# [HOW TO COMPLETE THIS TASK]
Start at the line in the entries below that contains "using cflip_cflip_xor that", stop at the line that contains "using assms(3,4)", and output exactly the lines in that span, both ends included.
• • • • • • •
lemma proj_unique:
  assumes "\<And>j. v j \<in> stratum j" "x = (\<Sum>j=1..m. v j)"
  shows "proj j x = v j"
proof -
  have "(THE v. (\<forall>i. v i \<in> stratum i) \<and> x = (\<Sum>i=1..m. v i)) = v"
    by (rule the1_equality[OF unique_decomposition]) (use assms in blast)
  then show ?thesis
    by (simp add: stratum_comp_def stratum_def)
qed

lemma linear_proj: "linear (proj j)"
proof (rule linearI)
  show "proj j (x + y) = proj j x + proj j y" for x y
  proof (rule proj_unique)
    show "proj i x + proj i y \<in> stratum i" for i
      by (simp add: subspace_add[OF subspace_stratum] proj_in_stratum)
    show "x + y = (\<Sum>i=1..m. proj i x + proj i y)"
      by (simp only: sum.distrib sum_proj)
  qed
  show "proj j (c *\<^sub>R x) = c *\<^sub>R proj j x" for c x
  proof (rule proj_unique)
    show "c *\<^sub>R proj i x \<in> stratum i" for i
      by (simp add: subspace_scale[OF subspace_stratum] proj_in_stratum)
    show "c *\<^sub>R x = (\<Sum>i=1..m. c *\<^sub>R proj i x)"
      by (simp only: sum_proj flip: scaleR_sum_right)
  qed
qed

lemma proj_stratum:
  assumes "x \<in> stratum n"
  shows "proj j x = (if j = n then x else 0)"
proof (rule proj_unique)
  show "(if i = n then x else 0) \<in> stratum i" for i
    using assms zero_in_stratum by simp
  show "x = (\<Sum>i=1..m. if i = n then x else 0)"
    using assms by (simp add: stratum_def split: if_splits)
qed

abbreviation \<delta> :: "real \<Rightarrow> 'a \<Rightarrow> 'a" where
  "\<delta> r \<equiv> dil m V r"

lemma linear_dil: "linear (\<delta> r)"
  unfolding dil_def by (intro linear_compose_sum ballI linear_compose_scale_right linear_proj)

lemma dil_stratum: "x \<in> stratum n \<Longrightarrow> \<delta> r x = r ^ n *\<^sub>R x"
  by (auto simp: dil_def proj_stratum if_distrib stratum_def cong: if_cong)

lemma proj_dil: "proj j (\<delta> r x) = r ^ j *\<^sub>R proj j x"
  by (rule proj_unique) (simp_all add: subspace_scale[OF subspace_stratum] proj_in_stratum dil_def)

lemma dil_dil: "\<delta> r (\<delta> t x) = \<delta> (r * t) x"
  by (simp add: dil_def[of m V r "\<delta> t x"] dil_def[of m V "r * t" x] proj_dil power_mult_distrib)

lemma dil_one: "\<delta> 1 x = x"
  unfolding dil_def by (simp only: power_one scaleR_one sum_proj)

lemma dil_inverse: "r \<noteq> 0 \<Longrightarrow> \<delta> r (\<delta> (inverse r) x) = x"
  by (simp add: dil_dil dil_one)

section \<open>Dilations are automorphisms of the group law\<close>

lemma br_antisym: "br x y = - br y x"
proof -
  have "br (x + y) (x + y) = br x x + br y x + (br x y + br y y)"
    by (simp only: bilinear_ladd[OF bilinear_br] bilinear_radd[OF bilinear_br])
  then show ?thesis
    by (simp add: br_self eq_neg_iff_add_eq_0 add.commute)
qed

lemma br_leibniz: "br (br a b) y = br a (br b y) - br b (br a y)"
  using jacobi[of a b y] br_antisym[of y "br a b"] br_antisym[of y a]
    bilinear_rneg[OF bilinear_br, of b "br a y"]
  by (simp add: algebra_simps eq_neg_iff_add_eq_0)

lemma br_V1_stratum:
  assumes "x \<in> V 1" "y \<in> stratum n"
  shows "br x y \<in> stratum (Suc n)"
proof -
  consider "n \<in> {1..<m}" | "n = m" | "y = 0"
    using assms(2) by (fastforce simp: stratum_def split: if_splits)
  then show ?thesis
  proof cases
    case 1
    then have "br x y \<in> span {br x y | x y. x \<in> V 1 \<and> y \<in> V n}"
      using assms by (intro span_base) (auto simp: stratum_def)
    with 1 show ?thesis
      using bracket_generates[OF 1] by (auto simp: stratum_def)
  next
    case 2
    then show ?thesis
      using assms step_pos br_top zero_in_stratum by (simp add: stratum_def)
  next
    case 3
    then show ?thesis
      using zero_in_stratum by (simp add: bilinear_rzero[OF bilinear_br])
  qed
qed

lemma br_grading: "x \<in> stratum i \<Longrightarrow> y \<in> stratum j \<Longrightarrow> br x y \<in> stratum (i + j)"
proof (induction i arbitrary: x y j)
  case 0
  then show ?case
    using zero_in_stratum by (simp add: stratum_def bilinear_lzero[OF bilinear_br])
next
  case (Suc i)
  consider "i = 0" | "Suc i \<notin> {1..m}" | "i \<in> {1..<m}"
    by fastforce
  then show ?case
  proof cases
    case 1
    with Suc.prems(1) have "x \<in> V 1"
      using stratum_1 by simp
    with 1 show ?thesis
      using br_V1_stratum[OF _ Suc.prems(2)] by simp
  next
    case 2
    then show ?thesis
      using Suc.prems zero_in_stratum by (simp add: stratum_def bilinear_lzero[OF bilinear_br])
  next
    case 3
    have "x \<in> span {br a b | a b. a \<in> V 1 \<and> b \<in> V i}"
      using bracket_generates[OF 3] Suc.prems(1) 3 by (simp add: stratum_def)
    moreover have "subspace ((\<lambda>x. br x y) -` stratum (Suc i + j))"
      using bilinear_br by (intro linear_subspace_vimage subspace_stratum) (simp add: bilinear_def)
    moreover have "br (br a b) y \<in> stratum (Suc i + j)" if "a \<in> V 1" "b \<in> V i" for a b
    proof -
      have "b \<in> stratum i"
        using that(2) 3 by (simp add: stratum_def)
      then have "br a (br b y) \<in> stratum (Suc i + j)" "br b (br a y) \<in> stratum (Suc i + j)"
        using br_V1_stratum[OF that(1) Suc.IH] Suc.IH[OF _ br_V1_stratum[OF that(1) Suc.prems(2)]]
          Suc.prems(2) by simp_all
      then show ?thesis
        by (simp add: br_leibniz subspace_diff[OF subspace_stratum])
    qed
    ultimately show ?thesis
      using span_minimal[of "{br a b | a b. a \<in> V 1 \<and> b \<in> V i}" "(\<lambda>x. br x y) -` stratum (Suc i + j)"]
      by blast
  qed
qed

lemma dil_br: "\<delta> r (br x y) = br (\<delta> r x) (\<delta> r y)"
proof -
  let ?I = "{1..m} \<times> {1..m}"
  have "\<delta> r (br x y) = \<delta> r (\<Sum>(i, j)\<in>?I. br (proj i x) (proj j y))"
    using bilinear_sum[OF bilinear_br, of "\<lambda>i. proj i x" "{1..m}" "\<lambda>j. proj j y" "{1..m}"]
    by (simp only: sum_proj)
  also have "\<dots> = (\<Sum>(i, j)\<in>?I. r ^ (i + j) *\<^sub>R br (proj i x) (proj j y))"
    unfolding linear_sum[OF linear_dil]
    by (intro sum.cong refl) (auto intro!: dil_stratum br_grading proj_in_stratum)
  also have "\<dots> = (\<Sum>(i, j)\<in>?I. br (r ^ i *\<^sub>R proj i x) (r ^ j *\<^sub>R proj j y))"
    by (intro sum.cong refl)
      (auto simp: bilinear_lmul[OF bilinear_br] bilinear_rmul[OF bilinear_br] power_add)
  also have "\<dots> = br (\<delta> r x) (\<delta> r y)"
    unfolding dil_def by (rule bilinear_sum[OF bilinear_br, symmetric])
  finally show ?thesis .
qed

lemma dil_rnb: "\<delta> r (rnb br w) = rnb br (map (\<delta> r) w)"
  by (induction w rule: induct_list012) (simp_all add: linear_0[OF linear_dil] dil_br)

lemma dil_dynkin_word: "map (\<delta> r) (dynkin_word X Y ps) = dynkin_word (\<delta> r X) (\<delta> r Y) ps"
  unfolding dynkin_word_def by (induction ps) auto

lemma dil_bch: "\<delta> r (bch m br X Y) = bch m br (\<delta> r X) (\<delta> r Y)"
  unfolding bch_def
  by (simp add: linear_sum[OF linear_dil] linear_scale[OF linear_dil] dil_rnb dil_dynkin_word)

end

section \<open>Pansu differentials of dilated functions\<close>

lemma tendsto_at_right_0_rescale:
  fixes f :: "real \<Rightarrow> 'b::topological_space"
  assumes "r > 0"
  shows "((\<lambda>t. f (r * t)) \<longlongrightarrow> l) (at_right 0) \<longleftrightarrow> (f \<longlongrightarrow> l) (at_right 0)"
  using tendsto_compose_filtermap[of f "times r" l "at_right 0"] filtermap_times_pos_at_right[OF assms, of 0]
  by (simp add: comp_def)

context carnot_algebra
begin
• • • • • • •
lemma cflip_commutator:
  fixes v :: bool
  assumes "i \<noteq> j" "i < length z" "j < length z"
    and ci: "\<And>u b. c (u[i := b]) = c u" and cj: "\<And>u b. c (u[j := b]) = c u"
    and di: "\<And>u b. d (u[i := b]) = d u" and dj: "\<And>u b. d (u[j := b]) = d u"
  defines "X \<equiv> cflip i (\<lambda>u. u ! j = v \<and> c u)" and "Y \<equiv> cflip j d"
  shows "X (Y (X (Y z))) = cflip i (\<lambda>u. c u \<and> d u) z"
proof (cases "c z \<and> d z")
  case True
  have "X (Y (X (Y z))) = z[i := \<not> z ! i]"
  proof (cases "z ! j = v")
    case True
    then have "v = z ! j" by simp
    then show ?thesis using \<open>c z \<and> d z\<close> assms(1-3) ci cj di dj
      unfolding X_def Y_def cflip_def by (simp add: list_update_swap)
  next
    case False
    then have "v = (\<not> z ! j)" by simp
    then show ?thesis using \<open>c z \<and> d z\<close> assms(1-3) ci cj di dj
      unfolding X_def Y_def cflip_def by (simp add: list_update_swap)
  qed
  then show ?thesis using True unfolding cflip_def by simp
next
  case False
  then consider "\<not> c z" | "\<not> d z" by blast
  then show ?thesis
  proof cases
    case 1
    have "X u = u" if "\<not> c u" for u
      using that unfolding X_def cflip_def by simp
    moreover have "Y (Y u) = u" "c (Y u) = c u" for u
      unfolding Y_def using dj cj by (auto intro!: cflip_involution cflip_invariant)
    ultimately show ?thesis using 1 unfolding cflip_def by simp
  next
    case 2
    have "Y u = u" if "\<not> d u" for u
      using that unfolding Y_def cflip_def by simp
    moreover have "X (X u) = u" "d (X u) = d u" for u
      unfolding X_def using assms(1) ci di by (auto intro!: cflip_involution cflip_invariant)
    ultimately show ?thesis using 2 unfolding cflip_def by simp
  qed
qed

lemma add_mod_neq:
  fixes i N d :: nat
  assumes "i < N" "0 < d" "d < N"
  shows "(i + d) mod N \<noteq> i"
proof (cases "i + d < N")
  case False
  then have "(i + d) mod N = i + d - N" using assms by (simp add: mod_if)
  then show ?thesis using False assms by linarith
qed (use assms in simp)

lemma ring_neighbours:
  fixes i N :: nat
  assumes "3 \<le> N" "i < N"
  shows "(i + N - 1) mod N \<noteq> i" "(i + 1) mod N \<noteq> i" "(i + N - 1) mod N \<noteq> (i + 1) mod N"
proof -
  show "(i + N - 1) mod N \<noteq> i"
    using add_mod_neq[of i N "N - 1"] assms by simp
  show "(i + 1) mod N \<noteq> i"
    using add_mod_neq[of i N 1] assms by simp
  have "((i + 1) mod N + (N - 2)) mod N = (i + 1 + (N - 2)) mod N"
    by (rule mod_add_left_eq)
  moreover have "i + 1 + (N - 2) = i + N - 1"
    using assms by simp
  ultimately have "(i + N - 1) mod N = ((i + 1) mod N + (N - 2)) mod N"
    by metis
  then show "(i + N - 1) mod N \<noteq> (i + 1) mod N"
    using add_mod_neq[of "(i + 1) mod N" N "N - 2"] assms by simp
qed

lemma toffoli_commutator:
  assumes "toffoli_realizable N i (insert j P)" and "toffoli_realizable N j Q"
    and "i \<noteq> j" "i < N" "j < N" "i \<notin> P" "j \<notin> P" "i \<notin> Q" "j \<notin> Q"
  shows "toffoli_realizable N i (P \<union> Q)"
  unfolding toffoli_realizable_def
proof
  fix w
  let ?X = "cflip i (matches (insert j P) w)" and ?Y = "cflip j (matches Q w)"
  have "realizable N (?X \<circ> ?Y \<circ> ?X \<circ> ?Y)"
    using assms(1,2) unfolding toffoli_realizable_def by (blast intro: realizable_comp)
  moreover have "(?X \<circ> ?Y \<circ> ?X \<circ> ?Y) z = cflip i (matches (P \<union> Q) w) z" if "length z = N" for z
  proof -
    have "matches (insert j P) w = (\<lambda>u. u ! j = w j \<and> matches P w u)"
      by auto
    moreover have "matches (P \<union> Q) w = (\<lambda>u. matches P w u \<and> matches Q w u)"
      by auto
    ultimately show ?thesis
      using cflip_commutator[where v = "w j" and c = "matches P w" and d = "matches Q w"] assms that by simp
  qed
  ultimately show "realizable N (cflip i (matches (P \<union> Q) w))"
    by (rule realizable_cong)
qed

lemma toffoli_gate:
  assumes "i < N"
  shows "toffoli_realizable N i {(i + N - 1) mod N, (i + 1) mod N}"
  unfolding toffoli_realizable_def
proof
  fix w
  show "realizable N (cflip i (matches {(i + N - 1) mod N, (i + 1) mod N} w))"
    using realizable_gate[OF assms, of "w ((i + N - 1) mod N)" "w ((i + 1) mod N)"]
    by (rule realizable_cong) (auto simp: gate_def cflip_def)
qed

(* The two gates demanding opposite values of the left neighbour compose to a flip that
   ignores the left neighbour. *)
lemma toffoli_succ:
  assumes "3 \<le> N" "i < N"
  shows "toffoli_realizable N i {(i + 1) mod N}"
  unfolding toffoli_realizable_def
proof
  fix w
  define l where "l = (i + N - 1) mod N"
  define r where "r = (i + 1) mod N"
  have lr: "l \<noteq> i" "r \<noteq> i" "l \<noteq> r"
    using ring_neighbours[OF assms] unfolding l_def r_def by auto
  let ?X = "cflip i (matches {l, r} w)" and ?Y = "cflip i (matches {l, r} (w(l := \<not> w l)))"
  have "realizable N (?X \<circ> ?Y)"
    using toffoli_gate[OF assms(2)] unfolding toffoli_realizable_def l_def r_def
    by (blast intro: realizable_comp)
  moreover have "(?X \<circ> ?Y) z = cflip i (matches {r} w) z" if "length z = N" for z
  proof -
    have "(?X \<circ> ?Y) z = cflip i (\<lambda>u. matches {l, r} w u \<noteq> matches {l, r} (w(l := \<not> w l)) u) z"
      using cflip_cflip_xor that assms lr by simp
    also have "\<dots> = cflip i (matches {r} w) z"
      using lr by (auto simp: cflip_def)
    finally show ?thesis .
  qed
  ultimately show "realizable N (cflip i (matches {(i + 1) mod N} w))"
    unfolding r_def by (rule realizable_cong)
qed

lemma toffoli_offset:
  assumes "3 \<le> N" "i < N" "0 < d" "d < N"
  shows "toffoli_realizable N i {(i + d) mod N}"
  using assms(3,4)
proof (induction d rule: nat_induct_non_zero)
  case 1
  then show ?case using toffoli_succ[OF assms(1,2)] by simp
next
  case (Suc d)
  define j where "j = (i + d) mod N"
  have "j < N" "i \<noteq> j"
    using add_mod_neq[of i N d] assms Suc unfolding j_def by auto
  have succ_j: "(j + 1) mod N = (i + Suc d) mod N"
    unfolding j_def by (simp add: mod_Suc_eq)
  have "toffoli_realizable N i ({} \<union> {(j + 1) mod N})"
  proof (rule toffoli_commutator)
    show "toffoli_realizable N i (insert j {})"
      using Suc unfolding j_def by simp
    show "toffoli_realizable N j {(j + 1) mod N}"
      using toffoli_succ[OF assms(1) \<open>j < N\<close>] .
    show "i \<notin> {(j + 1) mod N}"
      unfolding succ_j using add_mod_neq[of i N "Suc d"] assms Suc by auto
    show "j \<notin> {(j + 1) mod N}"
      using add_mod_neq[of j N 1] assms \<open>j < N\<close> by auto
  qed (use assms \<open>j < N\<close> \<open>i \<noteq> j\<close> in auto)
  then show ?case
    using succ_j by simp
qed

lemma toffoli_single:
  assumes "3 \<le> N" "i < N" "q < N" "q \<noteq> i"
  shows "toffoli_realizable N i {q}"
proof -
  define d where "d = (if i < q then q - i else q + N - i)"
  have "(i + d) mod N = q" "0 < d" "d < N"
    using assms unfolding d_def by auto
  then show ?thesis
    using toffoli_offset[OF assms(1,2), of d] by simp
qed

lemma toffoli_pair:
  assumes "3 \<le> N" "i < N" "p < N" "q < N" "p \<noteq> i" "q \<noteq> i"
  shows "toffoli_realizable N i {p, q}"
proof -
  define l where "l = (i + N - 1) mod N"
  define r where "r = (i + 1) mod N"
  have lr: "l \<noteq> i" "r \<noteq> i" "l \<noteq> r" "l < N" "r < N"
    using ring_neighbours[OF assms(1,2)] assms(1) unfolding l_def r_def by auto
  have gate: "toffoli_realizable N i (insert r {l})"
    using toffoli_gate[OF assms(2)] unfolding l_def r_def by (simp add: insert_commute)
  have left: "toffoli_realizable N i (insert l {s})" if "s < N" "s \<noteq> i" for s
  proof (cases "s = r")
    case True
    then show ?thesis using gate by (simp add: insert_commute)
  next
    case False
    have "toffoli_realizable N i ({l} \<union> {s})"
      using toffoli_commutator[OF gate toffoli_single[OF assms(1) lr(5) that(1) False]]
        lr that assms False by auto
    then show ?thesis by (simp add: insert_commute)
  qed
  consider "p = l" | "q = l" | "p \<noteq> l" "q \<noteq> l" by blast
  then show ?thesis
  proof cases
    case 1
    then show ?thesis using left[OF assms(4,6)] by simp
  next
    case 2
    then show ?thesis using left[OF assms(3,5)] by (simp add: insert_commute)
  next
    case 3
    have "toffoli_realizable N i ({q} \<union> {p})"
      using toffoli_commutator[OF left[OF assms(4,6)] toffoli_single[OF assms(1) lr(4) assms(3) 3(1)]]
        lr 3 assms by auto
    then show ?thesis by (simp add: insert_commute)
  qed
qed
• • • • • • •
# [RESPONSE FOR THIS EXERCISE]
      using cflip_cflip_xor that assms lr by simp
    also have "\<dots> = cflip i (matches {r} w) z"
      using lr by (auto simp: cflip_def)
    finally show ?thesis .
  qed
  ultimately show "realizable N (cflip i (matches {(i + 1) mod N} w))"
    unfolding r_def by (rule realizable_cong)
qed

lemma toffoli_offset:
  assumes "3 \<le> N" "i < N" "0 < d" "d < N"
  shows "toffoli_realizable N i {(i + d) mod N}"
  using assms(3,4)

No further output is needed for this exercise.